lemma sorting_perm_upper_set_subset:
  assumes "admissible_order le" "\<forall>i\<in>{1..n}. X i \<in> LI"
    and \<sigma>1: "sorting_perm le n X \<sigma>1" and \<sigma>2: "sorting_perm le n X \<sigma>2"
    and i: "i \<in> {1..n}"
  shows "\<exists>k\<in>{1..n}. X (\<sigma>2 k) = X (\<sigma>1 i) \<and> \<sigma>1 ` {i..n} \<subseteq> \<sigma>2 ` {k..n}"
proof -
  have perm1: "\<sigma>1 permutes {1..n}" and perm2: "\<sigma>2 permutes {1..n}"
    using \<sigma>1 \<sigma>2 unfolding sorting_perm_def by blast+
  define P where "P k \<longleftrightarrow> k \<in> {1..n} \<and> X (\<sigma>2 k) = X (\<sigma>1 i)" for k
  have "\<sigma>1 i \<in> \<sigma>2 ` {1..n}"
    using i permutes_in_image[OF perm1] permutes_image[OF perm2] by simp
  then have "\<exists>k. P k" unfolding P_def by force
  define k where "k = (LEAST k. P k)"
  have k: "P k" unfolding k_def using \<open>\<exists>k. P k\<close> by (metis LeastI)
  have "\<sigma>1 ` {i..n} \<subseteq> \<sigma>2 ` {k..n}"
  proof
    fix y assume "y \<in> \<sigma>1 ` {i..n}"
    then obtain t where t: "t \<in> {i..n}" "y = \<sigma>1 t" by blast
    with i have "y \<in> \<sigma>2 ` {1..n}"
      using permutes_in_image[OF perm1] permutes_image[OF perm2] by simp
    then obtain s where s: "s \<in> {1..n}" "\<sigma>2 s = y" by blast
    have "k \<le> s"
    proof (rule ccontr)
      assume "\<not> k \<le> s"
      have "le (X y) (X (\<sigma>1 i))"
        using sorting_perm_mono[OF assms(1,2) \<sigma>2, of s k] s k \<open>\<not> k \<le> s\<close> unfolding P_def by auto
      moreover have "le (X (\<sigma>1 i)) (X y)"
        using sorting_perm_mono[OF assms(1,2) \<sigma>1, of i t] i t by auto
      ultimately have "X y = X (\<sigma>1 i)"
        using admissible_order_antisym[OF assms(1)] assms(2) i s(1)
          permutes_in_image[OF perm1] permutes_in_image[OF perm2] \<open>\<sigma>2 s = y\<close> by blast
      then have "P s" using s unfolding P_def by simp
      then show False using \<open>\<not> k \<le> s\<close> Least_le unfolding k_def by blast
    qed
    then show "y \<in> \<sigma>2 ` {k..n}" using s by auto
  qed
  then show ?thesis using k unfolding P_def by blast
qed

lemma sorting_perm_first_eq:
  assumes "admissible_order le" "\<forall>i\<in>{1..n}. X i \<in> LI" "n \<ge> 1"
    and "sorting_perm le n X \<sigma>1" "sorting_perm le n X \<sigma>2"
  shows "X (\<sigma>1 1) = X (\<sigma>2 1)"
proof -
  have first_le: "le (X (\<sigma> 1)) (X (\<sigma>' 1))" and first_in: "X (\<sigma> 1) \<in> LI"
    if \<sigma>: "sorting_perm le n X \<sigma>" and \<sigma>': "sorting_perm le n X \<sigma>'" for \<sigma> \<sigma>'
  proof -
    have perm: "\<sigma> permutes {1..n}" and perm': "\<sigma>' permutes {1..n}"
      using \<sigma> \<sigma>' unfolding sorting_perm_def by blast+
    have "\<sigma>' 1 \<in> \<sigma> ` {1..n}"
      using assms(3) permutes_in_image[OF perm'] permutes_image[OF perm] by simp
    then obtain k where "k \<in> {1..n}" "\<sigma> k = \<sigma>' 1" by (metis imageE)
    then show "le (X (\<sigma> 1)) (X (\<sigma>' 1))"
      using sorting_perm_mono[OF assms(1,2) \<sigma>, of 1 k] by auto
    show "X (\<sigma> 1) \<in> LI" using assms(2,3) permutes_in_image[OF perm] by simp
  qed
  show ?thesis
    using admissible_order_antisym[OF assms(1)] first_le first_in assms(4,5) by blast
qed

definition wds_terms :: "nat \<Rightarrow> (nat set \<Rightarrow> ival) \<Rightarrow> (ival \<Rightarrow> ival \<Rightarrow> ival)
    \<Rightarrow> (nat \<Rightarrow> ival) \<Rightarrow> (nat \<Rightarrow> nat) \<Rightarrow> ival list"
  where "wds_terms n m F X \<sigma> = map (\<lambda>i. F (X (\<sigma> i)) (m (\<sigma> ` {i..n}))) [1..<n+1]"

lemma WDS_iff:
  "WDS le n m F G \<longleftrightarrow>
     (\<forall>X \<sigma>1 \<sigma>2. (\<forall>i\<in>{1..n}. X i \<in> LI) \<longrightarrow> sorting_perm le n X \<sigma>1 \<longrightarrow> sorting_perm le n X \<sigma>2 \<longrightarrow>
        G (wds_terms n m F X \<sigma>1) = G (wds_terms n m F X \<sigma>2))"
  unfolding WDS_def sorting_perm_def wds_terms_def by blast

lemma set_wds_terms:
  "set (wds_terms n m F X \<sigma>) = (\<lambda>i. F (X (\<sigma> i)) (m (\<sigma> ` {i..n}))) ` {1..n}"
  unfolding wds_terms_def set_map Suc_eq_plus1[symmetric] set_upt atLeastLessThanSuc_atLeastAtMost ..

lemma hd_wds_terms:
  assumes "n \<ge> 1" "\<sigma> permutes {1..n}"
  shows "hd (wds_terms n m F X \<sigma>) = F (X (\<sigma> 1)) (m {1..n})"
  using assms by (simp add: wds_terms_def upt_conv_Cons permutes_image del: upt_Suc)

lemma wds_terms_in_LI:
  assumes "\<forall>X\<in>LI. \<forall>Y\<in>LI. F X Y \<in> LI" "iv_fuzzy_measure le n m"
    and "\<forall>i\<in>{1..n}. X i \<in> LI" "\<sigma> permutes {1..n}"
  shows "set (wds_terms n m F X \<sigma>) \<subseteq> LI"
proof (unfold set_wds_terms, intro image_subsetI)
  fix i assume i: "i \<in> {1..n}"
  have "\<sigma> ` {i..n} \<subseteq> \<sigma> ` {1..n}"
    using i by (intro image_mono) simp
  then have "m (\<sigma> ` {i..n}) \<in> LI"
    using iv_fuzzy_measure_in_LI[OF assms(2)] permutes_image[OF assms(4)] by simp
  moreover have "X (\<sigma> i) \<in> LI"
    using i assms(3) permutes_in_image[OF assms(4)] by blast
  ultimately show "F (X (\<sigma> i)) (m (\<sigma> ` {i..n})) \<in> LI"
    using assms(1) by blast
qed

lemma wds_terms_dominated:
  assumes "admissible_order le" "\<forall>X\<in>LI. \<forall>Y\<in>LI. F X Y \<in> LI" "iv_fuzzy_measure le n m"
    and F_mono: "\<forall>X\<in>LI. \<forall>Y\<in>LI. \<forall>Z\<in>LI. le Y Z \<longrightarrow> le (F X Y) (F X Z)"
    and X: "\<forall>i\<in>{1..n}. X i \<in> LI"
    and \<sigma>1: "sorting_perm le n X \<sigma>1" and \<sigma>2: "sorting_perm le n X \<sigma>2"
  shows "\<forall>a\<in>set (wds_terms n m F X \<sigma>1). \<exists>b\<in>set (wds_terms n m F X \<sigma>2). le a b"
proof
  have perm1: "\<sigma>1 permutes {1..n}" and perm2: "\<sigma>2 permutes {1..n}"
    using \<sigma>1 \<sigma>2 unfolding sorting_perm_def by blast+
  fix a assume "a \<in> set (wds_terms n m F X \<sigma>1)"
  then obtain i where i: "i \<in> {1..n}" and a: "a = F (X (\<sigma>1 i)) (m (\<sigma>1 ` {i..n}))"
    unfolding set_wds_terms by blast
  obtain k where k: "k \<in> {1..n}" "X (\<sigma>2 k) = X (\<sigma>1 i)" "\<sigma>1 ` {i..n} \<subseteq> \<sigma>2 ` {k..n}"
    using sorting_perm_upper_set_subset[OF assms(1) X \<sigma>1 \<sigma>2 i] by blast
  have "\<sigma>2 ` {k..n} \<subseteq> \<sigma>2 ` {1..n}"
    using k(1) by (intro image_mono) simp
  then have upper: "\<sigma>2 ` {k..n} \<subseteq> {1..n}"
    using permutes_image[OF perm2] by simp
  have "X (\<sigma>1 i) \<in> LI" using X i permutes_in_image[OF perm1] by blast
  moreover have "m (\<sigma>1 ` {i..n}) \<in> LI" "m (\<sigma>2 ` {k..n}) \<in> LI"
    using iv_fuzzy_measure_in_LI[OF assms(3)] k(3) upper by auto
  moreover have "le (m (\<sigma>1 ` {i..n})) (m (\<sigma>2 ` {k..n}))"
    using iv_fuzzy_measure_mono[OF assms(3) k(3) upper] .
  ultimately have "le a (F (X (\<sigma>2 k)) (m (\<sigma>2 ` {k..n})))"
    unfolding a k(2) using F_mono by blast
  moreover have "F (X (\<sigma>2 k)) (m (\<sigma>2 ` {k..n})) \<in> set (wds_terms n m F X \<sigma>2)"
    unfolding set_wds_terms using k(1) by blast
  ultimately show "\<exists>b\<in>set (wds_terms n m F X \<sigma>2). le a b" by blast
qed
-------------------------
**WHAT THIS TASK INVOLVES**
Look above for the line with "then obtain s" and the line with "1 \<in> \<sigma>". Retype those two lines and every line between them exactly, adding nothing.

**ANSWER TO THIS EXERCISE**
    then obtain s where s: "s \<in> {1..n}" "\<sigma>2 s = y" by blast
    have "k \<le> s"
    proof (rule ccontr)
      assume "\<not> k \<le> s"
      have "le (X y) (X (\<sigma>1 i))"
        using sorting_perm_mono[OF assms(1,2) \<sigma>2, of s k] s k \<open>\<not> k \<le> s\<close> unfolding P_def by auto
      moreover have "le (X (\<sigma>1 i)) (X y)"
        using sorting_perm_mono[OF assms(1,2) \<sigma>1, of i t] i t by auto
      ultimately have "X y = X (\<sigma>1 i)"
        using admissible_order_antisym[OF assms(1)] assms(2) i s(1)
          permutes_in_image[OF perm1] permutes_in_image[OF perm2] \<open>\<sigma>2 s = y\<close> by blast
      then have "P s" using s unfolding P_def by simp
      then show False using \<open>\<not> k \<le> s\<close> Least_le unfolding k_def by blast
    qed
    then show "y \<in> \<sigma>2 ` {k..n}" using s by auto
  qed
  then show ?thesis using k unfolding P_def by blast
qed

lemma sorting_perm_first_eq:
  assumes "admissible_order le" "\<forall>i\<in>{1..n}. X i \<in> LI" "n \<ge> 1"
    and "sorting_perm le n X \<sigma>1" "sorting_perm le n X \<sigma>2"
  shows "X (\<sigma>1 1) = X (\<sigma>2 1)"
proof -
  have first_le: "le (X (\<sigma> 1)) (X (\<sigma>' 1))" and first_in: "X (\<sigma> 1) \<in> LI"
    if \<sigma>: "sorting_perm le n X \<sigma>" and \<sigma>': "sorting_perm le n X \<sigma>'" for \<sigma> \<sigma>'
  proof -
    have perm: "\<sigma> permutes {1..n}" and perm': "\<sigma>' permutes {1..n}"
      using \<sigma> \<sigma>' unfolding sorting_perm_def by blast+
    have "\<sigma>' 1 \<in> \<sigma> ` {1..n}"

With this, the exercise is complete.